Best quaranteam ever!!

It’s very sweet because my bro (we have never included in-law as part of our titles) always says their primary concern is keeping me safe since I am the most vulnerable one. Anytime we make plans, they make sure that I am comfortable with it. Any time they do something they ask if I’d be comfortable seeing them after, and I really appreciate that more than I can even express.

My bro (we have never used the in-law label with each other) is always concerned about me first, being the most vulnerable one in the family.

Everyone has their own comfort level with doing the things that are now accessible, and it’s important to respect each others’ feelings no matter if they are family, friends, or anything in between.

For a while there I think Bruce worried that I was not going to leave the house ever. In that time between March and June, he would say that maybe we could take a drive, just to get me out. I wasn’t ready.

This was taken during the time Bru was trying to get me to go out before I was ready.

I still won’t eat outdoors (which is the only option in NJ), but we support our favorite local place every other week by ordering take-out. I won’t go back to the yoga studio just yet, even though it just opened at 25% capacity. I will always wear a mask and I will always tell people if they get too close to me. Because I know what I am comfortable with, and I might be more conservative about things than other people.
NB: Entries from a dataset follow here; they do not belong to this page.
(* Let $f,g$ be smooth functions on an interval $I\subset\mathbb{R}$ with $\dot f^2+\dot g^2=1$ and $f$ nowhere zero, let $l=l(v)$, $v\in J$, be an arc-length parametrized curve $c$ on the unit sphere $S^2(1)\subset\mathbb{R}^3=\mathrm{span}\{e_1,e_2,e_3\}$ with spherical curvature $\kappa(v)$, and let $M^2: z(u,v)=f(u)\,l(v)+g(u)\,e_4$ (a meridian surface). Assume $M^2$ belongs to the general class, i.e. $\kappa_m(u)\kappa(v)\neq0$, where $\kappa_m=\dot f\ddot g-\dot g\ddot f$. Let $a\neq0$ be a constant. Then $M^2$ has constant mean curvature $\|H\|=a$ if and only if the curve $c$ is a circle on $S^2(1)$ with constant spherical curvature $\kappa\equiv b$ for some constant $b\neq0$, and $f$ satisfies the differential equation $$\bigl(1-\dot f^2-f\ddot f\bigr)^2=(1-\dot f^2)\,(4a^2f^2-b^2).$$
   Context: $\{e_1,e_2,e_3,e_4\}$ is the standard orthonormal basis of $\mathbb{R}^4$. For the arc-length curve $l(v)$ on $S^2(1)$ set $t=l'$ and let $n$ be the unit vector with $\{t,n,l\}$ orthonormal; the spherical curvature $\kappa$ is defined by $l'=t$, $t'=\kappa n-l$, $n'=-\kappa t$. $\kappa_m$ is the curvature of the meridian $u\mapsto(f(u),g(u))$. $H$ is the mean curvature vector field of $M^2$ in $\mathbb{R}^4$ (half the trace of the second fundamental form) and $\|H\|$ its length. *)

theory Defs
  imports "HOL-Analysis.Analysis" "HOL-Analysis.Cross3"
begin

definition vderiv :: "(real \<Rightarrow> 'a::real_normed_vector) \<Rightarrow> real \<Rightarrow> 'a" where
  "vderiv h = (\<lambda>t. vector_derivative h (at t))"

definition smooth_on :: "real set \<Rightarrow> (real \<Rightarrow> 'a::real_normed_vector) \<Rightarrow> bool" where
  "smooth_on S h \<longleftrightarrow> (\<forall>n. \<forall>x\<in>S. ((vderiv ^^ n) h) differentiable (at x))"

text \<open>Tangent and spherical curvature of a curve l on S^2(1) in R^3,
  with n = l \<times> t, so that {t,n,l} is orthonormal and t' = kappa n - l.\<close>
definition sph_curvature :: "(real \<Rightarrow> real^3) \<Rightarrow> real \<Rightarrow> real" where
  "sph_curvature l v = vderiv (vderiv l) v \<bullet> cross3 (l v) (vderiv l v)"

definition meridian_curvature :: "(real \<Rightarrow> real) \<Rightarrow> (real \<Rightarrow> real) \<Rightarrow> real \<Rightarrow> real" where
  "meridian_curvature f g u =
     deriv f u * deriv (deriv g) u - deriv g u * deriv (deriv f) u"

definition pu :: "(real \<times> real \<Rightarrow> 'a::real_normed_vector) \<Rightarrow> real \<times> real \<Rightarrow> 'a" where
  "pu z = (\<lambda>(u,v). vector_derivative (\<lambda>s. z (s,v)) (at u))"

definition pv :: "(real \<times> real \<Rightarrow> 'a::real_normed_vector) \<Rightarrow> real \<times> real \<Rightarrow> 'a" where
  "pv z = (\<lambda>(u,v). vector_derivative (\<lambda>s. z (u,s)) (at v))"

text \<open>Mean curvature vector field H = (1/2) trace of the second fundamental form:
  H = (1/2) (G h(z_u,z_u) - 2F h(z_u,z_v) + E h(z_v,z_v)) / (EG - F^2),
  where h(X,Y) is the normal component (orthogonal to span{z_u,z_v}) of the second derivatives.\<close>
definition normal_part :: "'a::real_inner \<Rightarrow> 'a \<Rightarrow> 'a \<Rightarrow> 'a" where
  "normal_part zu zv x =
     (let E = zu \<bullet> zu; F = zu \<bullet> zv; G = zv \<bullet> zv; D = E * G - F\<^sup>2 in
      x - (((G * (x \<bullet> zu) - F * (x \<bullet> zv)) / D) *\<^sub>R zu
           + ((E * (x \<bullet> zv) - F * (x \<bullet> zu)) / D) *\<^sub>R zv))"

definition mean_curvature_vector ::
    "(real \<times> real \<Rightarrow> 'a::real_inner) \<Rightarrow> real \<times> real \<Rightarrow> 'a" where
  "mean_curvature_vector z p =
     (let zu = pu z p; zv = pv z p;
          zuu = pu (pu z) p; zuv = pv (pu z) p; zvv = pv (pv z) p;
          E = zu \<bullet> zu; F = zu \<bullet> zv; G = zv \<bullet> zv; D = E * G - F\<^sup>2 in
      (1/2) *\<^sub>R normal_part zu zv ((G / D) *\<^sub>R zuu - (2 * F / D) *\<^sub>R zuv + (E / D) *\<^sub>R zvv))"
lemma all_blocks_sum:
  fixes x :: "'a::comm_ring_1"
  shows "(1+x)^2 * (\<Sum>a<n. \<Sum>i\<in>{block_start m a<..block_start m a + (4*m+3)}. (-1)^i * x^(alex_exp m n i))
           = block_factor m x * (x^n - (-1)^n)"
proof -
  define G where
    "G a = (\<Sum>i\<in>{block_start m a<..block_start m a + (4*m+3)}. (-1)^i * x^(alex_exp m n i))" for a
  have "(1+x) * (\<Sum>a<n. G a) = block_factor m x * (\<Sum>a<n. (-1)^a * x^(n-a-1))"
    unfolding sum_distrib_left
  proof (rule sum.cong)
    fix a assume "a \<in> {..<n}"
    then show "(1+x) * G a = block_factor m x * ((-1)^a * x^(n-a-1))"
      using block_sum[of a n x m] unfolding G_def by (simp only: lessThan_iff mult_ac)
  qed simp
  then show ?thesis
    using alternating_geometric_sum[of n n x] unfolding G_def[symmetric]
    by (simp add: power2_eq_square mult.assoc mult.left_commute[of "1+x"])
qed

lemma alex_K_r_mn_times_square:
  fixes x :: "'a::comm_ring_1"
  assumes odd: "odd (m+n)"
  shows "(1+x)^2 * poly (map_poly of_int (alex_K (cfrac (r_mn m n)))) x = alex_numerator m n x"
proof -
  define F where "F i = (-1)^i * x^(alex_exp m n i)" for i
  define B where "B = block_start m n"
  have F0: "F 0 = x^(m+n)"
    unfolding F_def alex_exp_def sigma_sum_def by (simp flip: of_nat_add)
  have R0: "(1+x) * (\<Sum>i\<in>{0<..0+m}. F i) = (-1)^(0+1) * x^(m+n) + (-1)^(0+m) * x^(m+n-m)"
    unfolding F_def by (rule alternating_sum_run_down) (use alex_exp_initial in auto)
  have R1: "(1+x) * (\<Sum>i\<in>{B<..B+(m+1)}. F i)
      = (-1)^(B+1) * x^(0+1) + (-1)^(B+(m+1)) * x^(0+(m+1)+1)"
    unfolding F_def by (rule alternating_sum_run_up) (use alex_exp_final(1) in \<open>simp add: B_def\<close>)
  have R2: "(1+x) * (\<Sum>i\<in>{B+(m+1)<..B+(m+1)+m}. F i)
      = (-1)^(B+(m+1)+1) * x^(m+1) + (-1)^(B+(m+1)+m) * x^(m+1-m)"
    unfolding F_def by (rule alternating_sum_run_down) (use alex_exp_final(2) in \<open>simp add: B_def\<close>)
  define G where "G a = (\<Sum>i\<in>{block_start m a<..block_start m a + (4*m+3)}. F i)" for a
  have RB: "(1+x)^2 * (\<Sum>a<n. G a) = block_factor m x * (x^n - (-1)^n)"
    unfolding G_def F_def by (rule all_blocks_sum)
  have "(1+x)^2 * (\<Sum>i<r_den m n. F i)
      = (1+x) * ((1+x) * F 0 + (1+x) * (\<Sum>i\<in>{0<..0+m}. F i) + (1+x) * (\<Sum>i\<in>{B<..B+(m+1)}. F i)
          + (1+x) * (\<Sum>i\<in>{B+(m+1)<..B+(m+1)+m}. F i)) + (1+x)^2 * (\<Sum>a<n. G a)"
    unfolding sum_lessThan_r_den_split G_def[symmetric] B_def[symmetric]
    by (simp add: power2_eq_square algebra_simps)
  also have "\<dots> = alex_numerator m n x"
  proof -
    have "(-1::'a)^n = -((-1)^m)" using odd by (auto simp: minus_one_power_iff)
    then show ?thesis
      unfolding R0 R1 R2 RB F0 unfolding B_def add.assoc minus_one_power_block_start
        alex_numerator_def block_factor_def
      by (cases "even m") (simp_all add: power_add power2_eq_square power3_eq_cube algebra_simps)
  qed
  finally show ?thesis unfolding poly_alex_K_r_mn[OF odd] F_def .
qed

definition alex_numerator_poly :: "nat \<Rightarrow> nat \<Rightarrow> int poly" where
  "alex_numerator_poly m n = monom (-1) 0 + monom 3 1 + monom (2*(-1)^m) (n+1)
     + monom (-2*(-1)^m) (n+2) + monom (-1) (m+n+3) + monom 3 (m+n+2)
     + monom (2*(-1)^m) (m+2) + monom (-2*(-1)^m) (m+1)"

lemma poly_alex_numerator_poly: "poly (alex_numerator_poly m n) x = alex_numerator m n x"
  unfolding alex_numerator_poly_def alex_numerator_def by (simp add: poly_monom algebra_simps)

lemma degree_alex_numerator_poly: "degree (alex_numerator_poly m n) = m+n+3"
proof (rule antisym)
  show "degree (alex_numerator_poly m n) \<le> m+n+3"
    by (rule degree_le) (auto simp: alex_numerator_poly_def coeff_monom)
  show "m+n+3 \<le> degree (alex_numerator_poly m n)"
    by (rule le_degree) (simp add: alex_numerator_poly_def coeff_monom)
qed

lemma alex_K_r_mn_times_square_poly:
  assumes "odd (m+n)"
  shows "alex_K (cfrac (r_mn m n)) * [:1,1:]^2 = alex_numerator_poly m n"
proof -
  have "poly (alex_K (cfrac (r_mn m n)) * [:1,1:]^2) = poly (alex_numerator_poly m n)"
  proof
    fix x :: int
    show "poly (alex_K (cfrac (r_mn m n)) * [:1,1:]^2) x = poly (alex_numerator_poly m n) x"
      using alex_K_r_mn_times_square[OF assms, of x]
      by (simp add: poly_alex_numerator_poly map_poly_idI algebra_simps)
  qed
  then show ?thesis by (simp add: poly_eq_poly_eq_iff)
qed

lemma degree_alex_K_r_mn:
  assumes "odd (m+n)"
  shows "degree (alex_K (cfrac (r_mn m n))) = m+n+1"
proof -
  note eq = alex_K_r_mn_times_square_poly[OF assms]
  then have "alex_K (cfrac (r_mn m n)) \<noteq> 0" using degree_alex_numerator_poly[of m n] by auto
  then have "degree (alex_numerator_poly m n) = degree (alex_K (cfrac (r_mn m n))) + 2"
    unfolding eq[symmetric] by (simp add: degree_mult_eq degree_power_eq)
  then show ?thesis using degree_alex_numerator_poly[of m n] by simp
qed

lemma alex_numerator_reciprocal:
  fixes x :: "'a::field"
  assumes "x \<noteq> 0"
  shows "alex_numerator m n (inverse x) * x^(m+n+3) = alex_numerator m n x"
proof -
  have inv: "inverse x ^ k * x^(m+n+3) = x^(m+n+3-k)" if "k \<le> m+n+3" for k
    using assms that by (simp add: power_diff field_simps)
  have "alex_numerator m n (inverse x) * x^(m+n+3) = -(x^(m+n+3))
      + 3 * (inverse x ^ 1 * x^(m+n+3))
      + 2*(-1)^m * (inverse x ^ (n+1) * x^(m+n+3)) - 2*(-1)^m * (inverse x ^ (n+2) * x^(m+n+3))
      - (inverse x ^ (m+n+3) * x^(m+n+3)) + 3 * (inverse x ^ (m+n+2) * x^(m+n+3))
      + 2*(-1)^m * (inverse x ^ (m+2) * x^(m+n+3)) - 2*(-1)^m * (inverse x ^ (m+1) * x^(m+n+3))"
    unfolding alex_numerator_def by (simp add: algebra_simps)
  also have "inverse x ^ 1 * x^(m+n+3) = x^(m+n+2)" using inv[of 1] by simp
  also have "inverse x ^ (n+1) * x^(m+n+3) = x^(m+2)" using inv[of "n+1"] by simp
  also have "inverse x ^ (n+2) * x^(m+n+3) = x^(m+1)" using inv[of "n+2"] by simp
  also have "inverse x ^ (m+n+3) * x^(m+n+3) = 1" using inv[of "m+n+3"] by simp
  also have "inverse x ^ (m+n+2) * x^(m+n+3) = x" using inv[of "m+n+2"] by simp
  also have "inverse x ^ (m+2) * x^(m+n+3) = x^(n+1)" using inv[of "m+2"] by simp
  also have "inverse x ^ (m+1) * x^(m+n+3) = x^(n+2)" using inv[of "m+1"] by simp
  finally show ?thesis unfolding alex_numerator_def by (simp add: algebra_simps)
qed

section \<open>Zeros on the unit circle\<close>

definition alex_half :: "nat \<Rightarrow> nat \<Rightarrow> complex \<Rightarrow> complex" where
  "alex_half m n z = -1 + 3*z + 2*(-1)^m*z^(n+1) - 2*(-1)^m*z^(n+2)"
Take out from our favorite local place… if you are in Central NJ, give Harvest Moon in New Brunswick a try!

Now more than ever, can’t we just respect each other? Can we wear a mask, not to protect ourselves, but to protect each other? Can we acknowledge that personal space (at least six feet) is more important than ever? And can we be responsible human beings who actually care about others and believe that not one single life is expendable?

If we can’t do these tiny things, we are doomed. The optimist in me believes that we can agree to protect each other because it’s the right thing to do. It’s not about divisiveness or about politics. It’s about being good people. And even though world events have made me question the optimism that has always been a part of me, it’s still there and I want to believe that good does (and always will) outweigh bad. And in the end when we look back upon this time knowing that we came together the way we needed to, we can all toast to our good health with our half-full glasses of lemonade.

Can’t we just be good to each other?